I have clearly not been very good at keeping up my blog here. I’m going to blame the obvious culprit: my dissertation.
The good news is that I finally seem to have figured out a writing routine that is productive for me. This consists of producing 2 pages a day, 7 days a week, religiously. Every once in a while this is very easy to do, and I allow myself to claim those days as gifts. More often than not, however, it takes a few hours, and there’s not a bit of anxiety around getting myself started. And then there are those days when it’s like gouging my eyes out. But I do it anyway, and 2 pages is just about manageable.

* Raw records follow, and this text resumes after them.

datatype ('f, 'r, 'v) fm =
    Eq "('f, 'v) trm" "('f, 'v) trm"
  | Rel 'r "('f, 'v) trm list"
  | Neg "('f, 'r, 'v) fm"
  | Conj "('f, 'r, 'v) fm" "('f, 'r, 'v) fm"
  | Ex 'v "('f, 'r, 'v) fm"

text \<open>A structure with universe the whole type 'm: interpretations of the
function and relation symbols.\<close>

record ('f, 'r, 'm) struct =
  fn_int :: "'f \<Rightarrow> 'm list \<Rightarrow> 'm"
  rel_int :: "'r \<Rightarrow> 'm list \<Rightarrow> bool"

fun teval :: "('f, 'r, 'm) struct \<Rightarrow> ('v \<Rightarrow> 'm) \<Rightarrow> ('f, 'v) trm \<Rightarrow> 'm" where
  "teval M e (Var v) = e v"
| "teval M e (Fn f ts) = fn_int M f (map (teval M e) ts)"

fun sat :: "('f, 'r, 'm) struct \<Rightarrow> ('f, 'r, 'v) fm \<Rightarrow> ('v \<Rightarrow> 'm) \<Rightarrow> bool" where
  "sat M (Eq s t) e = (teval M e s = teval M e t)"
| "sat M (Rel r ts) e = rel_int M r (map (teval M e) ts)"
| "sat M (Neg \<phi>) e = (\<not> sat M \<phi> e)"
| "sat M (Conj \<phi> \<psi>) e = (sat M \<phi> e \<and> sat M \<psi> e)"
| "sat M (Ex v \<phi>) e = (\<exists>m. sat M \<phi> (e(v := m)))"

definition merge :: "'v set \<Rightarrow> ('v \<Rightarrow> 'm) \<Rightarrow> ('v \<Rightarrow> 'm) \<Rightarrow> 'v \<Rightarrow> 'm" where
  "merge X a e v = (if v \<in> X then a v else e v)"

text \<open>Since this is
expressible by a sentence for each n, it is a property of the complete
theory Th(M), and it coincides with the usual notion in the monster model.\<close>

definition has_IP :: "('f, 'r, 'm) struct \<Rightarrow> ('f, 'r, nat) fm \<Rightarrow> nat set \<Rightarrow> bool" where
  "has_IP M \<psi> X = (\<forall>n. \<exists>A :: nat \<Rightarrow> nat \<Rightarrow> 'm. \<forall>S \<subseteq> {..<n}. \<exists>e :: nat \<Rightarrow> 'm.
       \<forall>i<n. (sat M \<psi> (merge X (A i) e) \<longleftrightarrow> i \<in> S))"

definition dependent :: "('f, 'r, 'm) struct \<Rightarrow> bool" where
  "dependent M = (\<forall>\<psi> X. \<not> has_IP M \<psi> X)"

text \<open>A filter on the set I is represented by a HOL filter D on the type 't
(I = UNIV); it is proper iff D \<noteq> bot.\<close>

definition in_filter :: "'t filter \<Rightarrow> 't set \<Rightarrow> bool" where
  "in_filter D X = eventually (\<lambda>t. t \<in> X) D"

definition pos_set :: "'t filter \<Rightarrow> 't set \<Rightarrow> bool" where
  "pos_set D X = (\<forall>Y. in_filter D Y \<longrightarrow> X \<inter> Y \<noteq> {})"

definition eq_mod :: "'t filter \<Rightarrow> 't set \<Rightarrow> 't set \<Rightarrow> bool" where
  "eq_mod D X Y = (\<exists>Z. in_filter D Z \<and> ((X - Y) \<union> (Y - X)) \<inter> Z = {})"

definition asg :: "('i \<Rightarrow> 'm) \<Rightarrow> (nat \<Rightarrow> 'm) \<Rightarrow> 'i + nat \<Rightarrow> 'm" where
  "asg a b v = (case v of Inl i \<Rightarrow> a i | Inr j \<Rightarrow> b j)"

end

theory Submission
  imports Defs
begin

text \<open>Call a cell S of a partition of I into D-positive sets
  decisive for X if S \<inter> X or S - X is not D-positive; then one of the truth
  values is attained on S only on a D-null set, which is clause (b).  Starting
  from the trivial partition {I} we treat the formulas one by one.  If some
  instance X = {t. \<phi>(a_t, b)} is decided by no cell, every cell can be split
  along X into two D-positive halves.  Were this possible forever, after N
  splits along X_0, ..., X_{N-1} every Boolean combination of the X_j would
  contain a whole (nonempty) cell, so the instances of \<phi> would shatter
  arbitrarily long sequences of sets: \<phi>, read with the roles of the
  parameters and the elements a_t exchanged, would have the independence
  property.  After renaming the variables of \<phi> into nat this contradicts
  dependence of M.  Refining keeps earlier decisions, so induction over the
  formulas yields one partition that works for all of them.\<close>

fun trename :: "('v \<Rightarrow> 'w) \<Rightarrow> ('f, 'v) trm \<Rightarrow> ('f, 'w) trm" where
  "trename g (Var v) = Var (g v)"
| "trename g (Fn f ts) = Fn f (map (trename g) ts)"

fun tvars :: "('f, 'v) trm \<Rightarrow> 'v set" where
  "tvars (Var v) = {v}"
| "tvars (Fn f ts) = \<Union>(set (map tvars ts))"

fun frename :: "('v \<Rightarrow> 'w) \<Rightarrow> ('f, 'r, 'v) fm \<Rightarrow> ('f, 'r, 'w) fm" where
  "frename g (Eq s t) = Eq (trename g s) (trename g t)"
| "frename g (Rel r ts) = Rel r (map (trename g) ts)"
| "frename g (Neg p) = Neg (frename g p)"
| "frename g (Conj p q) = Conj (frename g p) (frename g q)"
| "frename g (Ex v p) = Ex (g v) (frename g p)"

text \<open>All variables occurring in a formula (free or bound); a superset of the
  free variables is all the coincidence and renaming lemmas need.\<close>

fun fvars :: "('f, 'r, 'v) fm \<Rightarrow> 'v set" where
  "fvars (Eq s t) = tvars s \<union> tvars t"
| "fvars (Rel r ts) = \<Union>(set (map tvars ts))"
| "fvars (Neg p) = fvars p"
| "fvars (Conj p q) = fvars p \<union> fvars q"
| "fvars (Ex v p) = insert v (fvars p)"

lemma finite_tvars: "finite (tvars t)"
  by (induction t) auto

lemma finite_fvars: "finite (fvars p)"
  by (induction p) (auto simp: finite_tvars)

lemma teval_rename: "teval M e (trename g t) = teval M (e \<circ> g) t"
  by (induction t) (auto cong: map_cong)

lemma teval_cong: "(\<forall>v\<in>tvars t. e v = e' v) \<Longrightarrow> teval M e t = teval M e' t"
  by (induction t) (auto cong: map_cong)

lemma sat_cong: "(\<forall>v\<in>fvars p. e v = e' v) \<Longrightarrow> sat M p e = sat M p e'"
proof (induction p arbitrary: e e')
  case (Eq s t)
  then show ?case using teval_cong[of s e e' M] teval_cong[of t e e' M] by auto
next
  case (Rel r ts)
  then have "map (teval M e) ts = map (teval M e') ts"
    by (auto intro!: teval_cong)
  then show ?case by (simp del: map_eq_conv)
next
  case (Conj p q)
  then show ?case by (metis Un_iff fvars.simps(4) sat.simps(4))
next
  case (Ex v p)
  then have "\<And>m. sat M p (e(v := m)) = sat M p (e'(v := m))"
    by (intro Ex.IH) auto
  then show ?case by simp
qed auto

lemma sat_rename: "inj_on g (fvars p) \<Longrightarrow> sat M (frename g p) e = sat M p (e \<circ> g)"
proof (induction p arbitrary: e)
  case (Rel r ts)
  then show ?case by (simp add: teval_rename comp_def)
next
  case (Ex v p)
  have "sat M (frename g p) (e(g v := m)) = sat M p ((e \<circ> g)(v := m))" for m
  proof -
    have "sat M (frename g p) (e(g v := m)) = sat M p (e(g v := m) \<circ> g)"
      using Ex by (intro Ex.IH) (auto intro: inj_on_subset)
    also have "\<dots> = sat M p ((e \<circ> g)(v := m))"
      using Ex.prems by (intro sat_cong) (auto simp: inj_on_def)
    finally show ?thesis .
  qed
  then show ?case by (simp add: comp_def)
qed (auto simp: teval_rename inj_on_Un)

text \<open>Every formula in variables 'i + nat can be rewritten with nat variables,
  the parameter variables Inr j becoming the even numbers 2j.  This is the form
  in which the independence property (has_IP) is phrased.\<close>

lemma nat_variable_form:
  fixes \<phi> :: "('f, 'r, 'i + nat) fm"
  obtains \<psi> :: "('f, 'r, nat) fm" and E :: "('i \<Rightarrow> 'm) \<Rightarrow> nat \<Rightarrow> 'm"
  where "\<And>x b. sat M \<psi> (merge {v. even v} (\<lambda>v. b (v div 2)) (E x)) = sat M \<phi> (asg x b)"
proof -
  define Vi where "Vi = Inl -` fvars \<phi>"
  have "finite Vi"
    unfolding Vi_def using finite_fvars by (rule finite_vimageI) simp
  then obtain h :: "'i \<Rightarrow> nat" where h: "inj_on h Vi"
    using finite_imp_inj_to_nat_seg by blast
  define g where "g v = (case v of Inl i \<Rightarrow> 2 * h i + 1 | Inr j \<Rightarrow> 2 * j)" for v
  have g_parity: "g (Inl i) \<noteq> g (Inr j)" for i j
    unfolding g_def by simp presburger
  have "inj_on g (fvars \<phi>)"
  proof (rule inj_onI)
    fix u v assume u: "u \<in> fvars \<phi>" and v: "v \<in> fvars \<phi>" and eq: "g u = g v"
    show "u = v"
    proof (cases u; cases v)
      fix i i' assume "u = Inl i" "v = Inl i'"
      with u v eq h show "u = v" by (simp add: g_def Vi_def inj_on_def)
    next
      fix i j assume "u = Inl i" "v = Inr j"
      with eq g_parity show "u = v" by blast
    next
      fix j i assume "u = Inr j" "v = Inl i"
      with eq g_parity show "u = v" by metis
    next
      fix j j' assume "u = Inr j" "v = Inr j'"
      with eq show "u = v" by (simp add: g_def)
    qed
  qed
  define E :: "('i \<Rightarrow> 'm) \<Rightarrow> nat \<Rightarrow> 'm" where "E x v = x (inv_into Vi h (v div 2))" for x v
  have "sat M (frename g \<phi>) (merge {v. even v} (\<lambda>v. b (v div 2)) (E x)) = sat M \<phi> (asg x b)"
    for x b
  proof -
    let ?e = "merge {v. even v} (\<lambda>v. b (v div 2)) (E x)"
    have "sat M (frename g \<phi>) ?e = sat M \<phi> (?e \<circ> g)"
      using \<open>inj_on g (fvars \<phi>)\<close> by (rule sat_rename)
    also have "\<dots> = sat M \<phi> (asg x b)"
    proof (rule sat_cong, rule ballI)
      fix v assume "v \<in> fvars \<phi>"
      with h show "(?e \<circ> g) v = asg x b v"
        by (cases v) (simp_all add: merge_def g_def E_def asg_def Vi_def)
    qed
    finally show ?thesis .
  qed
  then show ?thesis using that by blast
qed

section \<open>Partitions into D-positive cells\<close>

lemma pos_mono: "pos_set D A \<Longrightarrow> A \<subseteq> B \<Longrightarrow> pos_set D B"
  unfolding pos_set_def by blast

text \<open>Positive sets are nonempty, since I itself belongs to D.\<close>

lemma pos_nonempty: "pos_set D A \<Longrightarrow> A \<noteq> {}"
proof -
  assume "pos_set D A"
  moreover have "in_filter D UNIV" by (simp add: in_filter_def)
  ultimately show ?thesis unfolding pos_set_def by blast
qed

lemma pos_UNIV: "D \<noteq> bot \<Longrightarrow> pos_set D UNIV"
  unfolding pos_set_def in_filter_def using eventually_False by fastforce

definition D_partition :: "'t filter \<Rightarrow> 't set set \<Rightarrow> bool" where
  "D_partition D P \<longleftrightarrow> finite P \<and> \<Union>P = UNIV \<and>
     (\<forall>S\<in>P. \<forall>S'\<in>P. S \<noteq> S' \<longrightarrow> S \<inter> S' = {}) \<and> (\<forall>S\<in>P. pos_set D S)"

definition refines :: "'t set set \<Rightarrow> 't set set \<Rightarrow> bool" where
  "refines Q P \<longleftrightarrow> (\<forall>S\<in>Q. \<exists>S'\<in>P. S \<subseteq> S')"

definition decides :: "'t filter \<Rightarrow> 't set \<Rightarrow> 't set \<Rightarrow> bool" where
  "decides D S X \<longleftrightarrow> \<not> pos_set D (S \<inter> X) \<or> \<not> pos_set D (S - X)"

At this point I’ve come to realize that at least 87.4% of writing a dissertation is figuring out the magnitude of the task and how I, personally, can be the productive writer of such a large project. A humbling process, to be sure!
I’m also continuing to do systems development and database work on Timothy Tangherlini’s Danish Folklore Project and Lisa Parkes’s Virtual Study Abroad Site (both at UCLA), as well as development on my own LitMap project.
I have to say that it is hard to fully concentrate on both analyzing literature and coding algorithms. Each of them requires such immersive attention. Full blog post on that soon.
I did attend the MLA (Modern Languages Association) Conference in San Francisco in December/January and sat on a panel named “Imagining Collaboration in the Humanities.” All of us on the panel did actually talk about real-life collaboration in the humanities, and there was quite a lively discussion afterwards. Here were my main points of discussion:
- Group authorship — how do we deal with this in the humanities, which has long operated on the single author model?
- The challenges of “translating” between humanities and hard science/computer project members.
- The challenges of project management — in a collaborative work environment, who is in charge? What model of management do we choose? whose project is it?
- Which model of group work do we choose when working collaboratively in the humanities? The scientific laboratory model? A model from the social sciences? What about models that have emerged out of feminist discourse?
- How are academic institutions dealing with humanities dissertations that have collaboratively authored elements? UCLA, for example, doesn’t “count” any collaboratively authored work. Is this model still feasible as collaboration becomes more common?